§ **Exercise details**:
The material below contains a line with "imports Defs" and a line with "using half by (simp add: algebra_simps)". Copy exactly those two lines and all lines between them.

* * * * *

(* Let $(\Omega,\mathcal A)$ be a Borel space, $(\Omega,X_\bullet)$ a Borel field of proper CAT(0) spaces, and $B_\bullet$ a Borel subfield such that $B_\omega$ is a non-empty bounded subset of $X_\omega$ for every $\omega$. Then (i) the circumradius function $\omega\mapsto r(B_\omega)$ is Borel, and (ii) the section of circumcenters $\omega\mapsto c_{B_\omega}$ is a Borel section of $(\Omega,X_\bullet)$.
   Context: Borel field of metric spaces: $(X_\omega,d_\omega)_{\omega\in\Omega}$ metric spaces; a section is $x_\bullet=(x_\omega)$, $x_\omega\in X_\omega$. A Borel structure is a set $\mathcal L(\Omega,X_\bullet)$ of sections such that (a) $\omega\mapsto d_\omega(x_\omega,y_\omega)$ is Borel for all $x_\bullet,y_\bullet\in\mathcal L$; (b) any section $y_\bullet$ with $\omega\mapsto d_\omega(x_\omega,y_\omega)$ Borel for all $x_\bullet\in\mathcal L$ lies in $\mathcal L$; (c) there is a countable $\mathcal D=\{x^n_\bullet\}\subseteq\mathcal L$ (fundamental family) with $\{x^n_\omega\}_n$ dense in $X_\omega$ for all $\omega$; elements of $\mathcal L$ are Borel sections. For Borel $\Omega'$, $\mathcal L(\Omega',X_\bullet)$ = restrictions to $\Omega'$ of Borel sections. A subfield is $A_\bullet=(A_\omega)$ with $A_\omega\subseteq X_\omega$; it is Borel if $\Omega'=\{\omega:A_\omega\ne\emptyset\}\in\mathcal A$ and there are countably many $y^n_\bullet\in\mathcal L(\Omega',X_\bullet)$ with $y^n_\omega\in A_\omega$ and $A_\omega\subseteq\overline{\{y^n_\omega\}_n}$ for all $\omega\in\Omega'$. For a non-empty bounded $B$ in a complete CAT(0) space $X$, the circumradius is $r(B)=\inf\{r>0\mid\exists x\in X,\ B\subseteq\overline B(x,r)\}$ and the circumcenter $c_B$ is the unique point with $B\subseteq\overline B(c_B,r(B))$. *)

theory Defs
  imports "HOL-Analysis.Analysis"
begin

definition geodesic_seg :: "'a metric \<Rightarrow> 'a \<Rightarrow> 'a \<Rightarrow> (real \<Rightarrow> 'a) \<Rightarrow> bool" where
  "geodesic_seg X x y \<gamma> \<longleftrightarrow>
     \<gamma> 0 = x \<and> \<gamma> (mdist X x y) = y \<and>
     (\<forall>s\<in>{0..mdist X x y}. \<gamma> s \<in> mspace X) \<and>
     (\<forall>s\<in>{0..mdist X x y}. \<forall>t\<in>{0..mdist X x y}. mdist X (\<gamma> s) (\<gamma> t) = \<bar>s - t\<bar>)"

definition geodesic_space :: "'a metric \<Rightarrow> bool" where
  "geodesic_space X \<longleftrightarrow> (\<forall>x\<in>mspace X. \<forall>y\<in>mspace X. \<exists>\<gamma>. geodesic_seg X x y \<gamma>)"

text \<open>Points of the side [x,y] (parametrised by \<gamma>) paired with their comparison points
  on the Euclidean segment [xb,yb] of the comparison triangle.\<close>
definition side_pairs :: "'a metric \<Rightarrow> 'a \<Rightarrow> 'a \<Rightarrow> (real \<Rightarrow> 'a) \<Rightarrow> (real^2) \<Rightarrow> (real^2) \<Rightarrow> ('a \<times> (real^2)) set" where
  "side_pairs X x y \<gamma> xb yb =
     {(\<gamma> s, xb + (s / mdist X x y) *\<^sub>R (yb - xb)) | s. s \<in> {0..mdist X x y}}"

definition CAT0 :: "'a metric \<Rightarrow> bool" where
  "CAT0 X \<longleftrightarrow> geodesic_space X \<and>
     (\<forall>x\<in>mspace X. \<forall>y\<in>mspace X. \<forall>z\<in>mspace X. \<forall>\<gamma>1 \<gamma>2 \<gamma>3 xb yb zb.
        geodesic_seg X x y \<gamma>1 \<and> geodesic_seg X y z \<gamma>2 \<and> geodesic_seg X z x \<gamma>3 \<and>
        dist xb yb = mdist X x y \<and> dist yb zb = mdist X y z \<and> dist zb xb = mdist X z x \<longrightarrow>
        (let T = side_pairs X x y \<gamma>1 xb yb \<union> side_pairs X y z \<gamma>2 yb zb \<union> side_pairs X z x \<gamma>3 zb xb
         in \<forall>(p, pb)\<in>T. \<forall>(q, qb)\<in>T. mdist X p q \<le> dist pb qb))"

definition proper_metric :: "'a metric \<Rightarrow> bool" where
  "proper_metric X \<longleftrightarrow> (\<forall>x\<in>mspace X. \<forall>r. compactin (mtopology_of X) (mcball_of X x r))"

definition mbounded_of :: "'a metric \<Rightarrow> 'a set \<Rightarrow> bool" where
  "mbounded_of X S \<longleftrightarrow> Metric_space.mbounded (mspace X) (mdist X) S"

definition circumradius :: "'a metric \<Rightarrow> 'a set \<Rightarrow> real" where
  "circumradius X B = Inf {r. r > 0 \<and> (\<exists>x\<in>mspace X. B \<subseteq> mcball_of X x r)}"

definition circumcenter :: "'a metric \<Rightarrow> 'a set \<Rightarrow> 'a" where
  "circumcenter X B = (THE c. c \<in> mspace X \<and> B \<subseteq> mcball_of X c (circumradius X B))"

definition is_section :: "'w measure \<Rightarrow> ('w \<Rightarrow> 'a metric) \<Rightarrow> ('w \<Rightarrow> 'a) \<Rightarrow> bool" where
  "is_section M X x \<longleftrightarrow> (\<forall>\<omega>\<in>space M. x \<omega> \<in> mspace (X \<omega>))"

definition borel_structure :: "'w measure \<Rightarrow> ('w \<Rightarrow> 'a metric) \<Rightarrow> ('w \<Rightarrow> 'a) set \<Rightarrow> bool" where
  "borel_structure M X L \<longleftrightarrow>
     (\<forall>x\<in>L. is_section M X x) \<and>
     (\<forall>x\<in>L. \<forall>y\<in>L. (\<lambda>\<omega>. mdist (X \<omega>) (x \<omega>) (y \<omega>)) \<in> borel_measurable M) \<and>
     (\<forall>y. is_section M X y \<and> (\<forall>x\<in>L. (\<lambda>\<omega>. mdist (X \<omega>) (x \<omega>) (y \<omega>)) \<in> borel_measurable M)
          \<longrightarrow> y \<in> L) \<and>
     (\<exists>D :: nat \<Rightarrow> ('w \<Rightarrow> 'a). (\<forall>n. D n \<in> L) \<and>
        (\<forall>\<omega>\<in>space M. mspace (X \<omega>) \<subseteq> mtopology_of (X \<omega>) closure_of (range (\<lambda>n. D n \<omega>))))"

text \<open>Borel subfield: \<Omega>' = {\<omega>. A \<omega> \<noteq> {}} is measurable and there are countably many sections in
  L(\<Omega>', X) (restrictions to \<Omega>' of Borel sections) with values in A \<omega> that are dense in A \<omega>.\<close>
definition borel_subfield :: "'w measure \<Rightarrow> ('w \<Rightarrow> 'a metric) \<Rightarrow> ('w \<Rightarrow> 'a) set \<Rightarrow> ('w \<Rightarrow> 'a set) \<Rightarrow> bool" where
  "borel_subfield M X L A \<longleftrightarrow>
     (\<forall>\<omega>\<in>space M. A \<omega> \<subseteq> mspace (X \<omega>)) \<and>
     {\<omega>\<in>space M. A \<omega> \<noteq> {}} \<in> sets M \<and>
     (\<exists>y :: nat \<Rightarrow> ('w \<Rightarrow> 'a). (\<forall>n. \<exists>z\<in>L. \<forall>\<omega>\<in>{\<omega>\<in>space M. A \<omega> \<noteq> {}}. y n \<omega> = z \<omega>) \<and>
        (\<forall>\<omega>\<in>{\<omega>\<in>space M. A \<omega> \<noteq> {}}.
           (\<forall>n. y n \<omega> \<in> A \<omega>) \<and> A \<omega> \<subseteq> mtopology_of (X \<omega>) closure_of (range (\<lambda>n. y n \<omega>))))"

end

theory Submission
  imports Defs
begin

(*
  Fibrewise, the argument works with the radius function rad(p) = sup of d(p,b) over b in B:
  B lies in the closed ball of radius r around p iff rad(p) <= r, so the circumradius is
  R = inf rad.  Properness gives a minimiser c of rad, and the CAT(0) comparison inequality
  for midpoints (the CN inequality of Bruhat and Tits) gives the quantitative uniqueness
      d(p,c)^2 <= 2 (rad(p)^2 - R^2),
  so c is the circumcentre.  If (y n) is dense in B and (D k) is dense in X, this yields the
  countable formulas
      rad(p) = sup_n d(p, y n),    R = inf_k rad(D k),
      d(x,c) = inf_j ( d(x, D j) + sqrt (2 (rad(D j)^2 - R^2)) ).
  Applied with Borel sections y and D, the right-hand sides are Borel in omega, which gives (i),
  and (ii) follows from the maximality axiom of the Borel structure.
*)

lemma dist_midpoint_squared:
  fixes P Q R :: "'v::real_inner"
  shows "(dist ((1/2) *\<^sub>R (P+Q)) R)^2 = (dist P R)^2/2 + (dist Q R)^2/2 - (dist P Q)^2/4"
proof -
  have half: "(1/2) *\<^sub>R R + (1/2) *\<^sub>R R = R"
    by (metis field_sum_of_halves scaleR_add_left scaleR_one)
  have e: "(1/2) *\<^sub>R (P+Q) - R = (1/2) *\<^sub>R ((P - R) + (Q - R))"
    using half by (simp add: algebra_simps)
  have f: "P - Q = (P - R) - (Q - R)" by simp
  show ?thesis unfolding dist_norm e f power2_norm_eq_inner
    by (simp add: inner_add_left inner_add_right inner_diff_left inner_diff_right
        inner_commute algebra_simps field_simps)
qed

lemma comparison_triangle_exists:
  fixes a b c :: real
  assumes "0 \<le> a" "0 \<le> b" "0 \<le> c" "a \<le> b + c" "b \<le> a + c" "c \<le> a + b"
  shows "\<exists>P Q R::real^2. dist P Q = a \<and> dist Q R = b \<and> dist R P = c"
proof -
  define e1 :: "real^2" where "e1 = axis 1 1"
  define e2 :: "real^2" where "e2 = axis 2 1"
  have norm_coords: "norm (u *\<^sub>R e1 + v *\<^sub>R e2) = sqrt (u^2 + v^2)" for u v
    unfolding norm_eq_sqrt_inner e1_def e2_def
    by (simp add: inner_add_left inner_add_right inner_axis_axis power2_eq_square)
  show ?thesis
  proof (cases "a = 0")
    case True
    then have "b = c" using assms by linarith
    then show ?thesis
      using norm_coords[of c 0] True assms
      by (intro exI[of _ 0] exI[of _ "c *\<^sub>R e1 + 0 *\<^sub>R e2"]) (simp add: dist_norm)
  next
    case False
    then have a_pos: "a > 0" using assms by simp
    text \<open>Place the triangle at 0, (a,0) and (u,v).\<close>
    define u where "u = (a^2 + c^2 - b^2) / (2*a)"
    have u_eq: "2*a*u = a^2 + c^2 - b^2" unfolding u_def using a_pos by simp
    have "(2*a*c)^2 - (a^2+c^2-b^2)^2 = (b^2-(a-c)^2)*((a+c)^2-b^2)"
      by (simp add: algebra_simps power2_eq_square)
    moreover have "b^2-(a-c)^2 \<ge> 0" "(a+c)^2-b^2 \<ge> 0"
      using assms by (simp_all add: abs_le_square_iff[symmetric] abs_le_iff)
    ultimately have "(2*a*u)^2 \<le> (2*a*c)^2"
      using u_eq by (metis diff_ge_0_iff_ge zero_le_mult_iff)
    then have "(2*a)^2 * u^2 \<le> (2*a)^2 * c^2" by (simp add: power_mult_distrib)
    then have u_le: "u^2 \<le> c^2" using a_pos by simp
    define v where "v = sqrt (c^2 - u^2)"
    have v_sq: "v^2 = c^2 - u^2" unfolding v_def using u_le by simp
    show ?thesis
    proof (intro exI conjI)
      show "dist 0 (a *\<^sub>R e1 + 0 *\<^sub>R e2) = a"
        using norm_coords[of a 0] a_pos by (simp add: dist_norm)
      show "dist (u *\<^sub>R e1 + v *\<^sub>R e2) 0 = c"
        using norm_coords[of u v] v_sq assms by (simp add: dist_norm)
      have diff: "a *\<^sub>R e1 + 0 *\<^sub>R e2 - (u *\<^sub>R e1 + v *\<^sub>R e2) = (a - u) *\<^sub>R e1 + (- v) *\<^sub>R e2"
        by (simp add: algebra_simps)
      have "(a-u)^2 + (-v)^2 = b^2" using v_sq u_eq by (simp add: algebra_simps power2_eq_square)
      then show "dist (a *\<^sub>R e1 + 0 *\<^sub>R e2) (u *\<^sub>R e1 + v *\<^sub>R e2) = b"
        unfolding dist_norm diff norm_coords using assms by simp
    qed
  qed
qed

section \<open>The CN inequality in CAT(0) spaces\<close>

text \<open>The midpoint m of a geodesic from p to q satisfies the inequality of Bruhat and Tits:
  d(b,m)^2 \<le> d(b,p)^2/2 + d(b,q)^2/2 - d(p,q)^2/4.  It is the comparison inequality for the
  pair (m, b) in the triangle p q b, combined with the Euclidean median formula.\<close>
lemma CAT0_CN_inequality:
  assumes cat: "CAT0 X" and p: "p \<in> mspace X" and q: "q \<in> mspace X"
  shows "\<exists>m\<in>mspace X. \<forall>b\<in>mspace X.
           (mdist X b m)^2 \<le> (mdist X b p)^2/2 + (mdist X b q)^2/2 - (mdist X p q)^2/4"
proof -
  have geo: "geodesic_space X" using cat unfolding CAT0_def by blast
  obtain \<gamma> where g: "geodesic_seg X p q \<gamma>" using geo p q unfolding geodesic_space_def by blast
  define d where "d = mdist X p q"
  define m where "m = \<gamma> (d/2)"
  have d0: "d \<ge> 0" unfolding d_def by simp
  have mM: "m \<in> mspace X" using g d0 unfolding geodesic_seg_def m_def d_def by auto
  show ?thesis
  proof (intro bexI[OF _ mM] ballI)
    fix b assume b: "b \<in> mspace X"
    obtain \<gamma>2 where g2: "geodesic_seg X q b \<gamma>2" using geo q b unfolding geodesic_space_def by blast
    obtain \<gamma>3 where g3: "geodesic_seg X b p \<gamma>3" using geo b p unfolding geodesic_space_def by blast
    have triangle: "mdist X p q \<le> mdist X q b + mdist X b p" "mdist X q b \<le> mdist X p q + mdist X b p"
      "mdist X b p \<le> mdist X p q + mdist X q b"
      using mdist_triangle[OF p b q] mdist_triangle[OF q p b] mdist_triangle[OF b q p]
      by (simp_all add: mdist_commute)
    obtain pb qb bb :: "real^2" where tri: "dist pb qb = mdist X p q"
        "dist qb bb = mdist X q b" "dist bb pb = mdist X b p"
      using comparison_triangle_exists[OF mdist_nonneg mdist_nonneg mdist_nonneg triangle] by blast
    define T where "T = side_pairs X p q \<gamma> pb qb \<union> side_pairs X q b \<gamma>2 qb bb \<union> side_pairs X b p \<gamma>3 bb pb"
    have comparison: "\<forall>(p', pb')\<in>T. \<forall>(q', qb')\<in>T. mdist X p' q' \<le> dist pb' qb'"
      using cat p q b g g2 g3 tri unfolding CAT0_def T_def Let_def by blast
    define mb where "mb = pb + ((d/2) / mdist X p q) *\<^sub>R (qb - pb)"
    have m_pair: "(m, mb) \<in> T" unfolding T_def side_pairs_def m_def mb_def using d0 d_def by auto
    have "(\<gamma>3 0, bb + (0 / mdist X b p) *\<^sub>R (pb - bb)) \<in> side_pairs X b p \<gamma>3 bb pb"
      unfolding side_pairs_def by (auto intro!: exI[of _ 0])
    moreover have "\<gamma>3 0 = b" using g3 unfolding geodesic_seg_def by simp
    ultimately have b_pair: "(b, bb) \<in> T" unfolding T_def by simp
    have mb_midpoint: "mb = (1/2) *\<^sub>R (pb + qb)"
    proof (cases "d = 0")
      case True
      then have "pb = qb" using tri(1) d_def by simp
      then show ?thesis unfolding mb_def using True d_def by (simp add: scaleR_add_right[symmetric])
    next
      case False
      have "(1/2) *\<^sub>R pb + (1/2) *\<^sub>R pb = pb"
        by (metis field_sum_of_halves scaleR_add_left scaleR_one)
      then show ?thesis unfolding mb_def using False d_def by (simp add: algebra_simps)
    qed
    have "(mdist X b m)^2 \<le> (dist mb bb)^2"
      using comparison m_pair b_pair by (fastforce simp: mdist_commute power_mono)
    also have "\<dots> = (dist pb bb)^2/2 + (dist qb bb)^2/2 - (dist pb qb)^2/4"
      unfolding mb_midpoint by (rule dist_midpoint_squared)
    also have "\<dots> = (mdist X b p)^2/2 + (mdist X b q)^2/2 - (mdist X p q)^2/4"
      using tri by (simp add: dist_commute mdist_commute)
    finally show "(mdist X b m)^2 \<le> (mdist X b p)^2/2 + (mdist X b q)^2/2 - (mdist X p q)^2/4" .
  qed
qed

* * * * *

§ **Task response**:
  imports Defs
begin

(*
  Fibrewise, the argument works with the radius function rad(p) = sup of d(p,b) over b in B:
  B lies in the closed ball of radius r around p iff rad(p) <= r, so the circumradius is
  R = inf rad.  Properness gives a minimiser c of rad, and the CAT(0) comparison inequality
  for midpoints (the CN inequality of Bruhat and Tits) gives the quantitative uniqueness
      d(p,c)^2 <= 2 (rad(p)^2 - R^2),
  so c is the circumcentre.  If (y n) is dense in B and (D k) is dense in X, this yields the
  countable formulas
      rad(p) = sup_n d(p, y n),    R = inf_k rad(D k),
      d(x,c) = inf_j ( d(x, D j) + sqrt (2 (rad(D j)^2 - R^2)) ).
  Applied with Borel sections y and D, the right-hand sides are Borel in omega, which gives (i),
  and (ii) follows from the maximality axiom of the Borel structure.
*)

lemma dist_midpoint_squared:
  fixes P Q R :: "'v::real_inner"
  shows "(dist ((1/2) *\<^sub>R (P+Q)) R)^2 = (dist P R)^2/2 + (dist Q R)^2/2 - (dist P Q)^2/4"
proof -
  have half: "(1/2) *\<^sub>R R + (1/2) *\<^sub>R R = R"
    by (metis field_sum_of_halves scaleR_add_left scaleR_one)
  have e: "(1/2) *\<^sub>R (P+Q) - R = (1/2) *\<^sub>R ((P - R) + (Q - R))"
    using half by (simp add: algebra_simps)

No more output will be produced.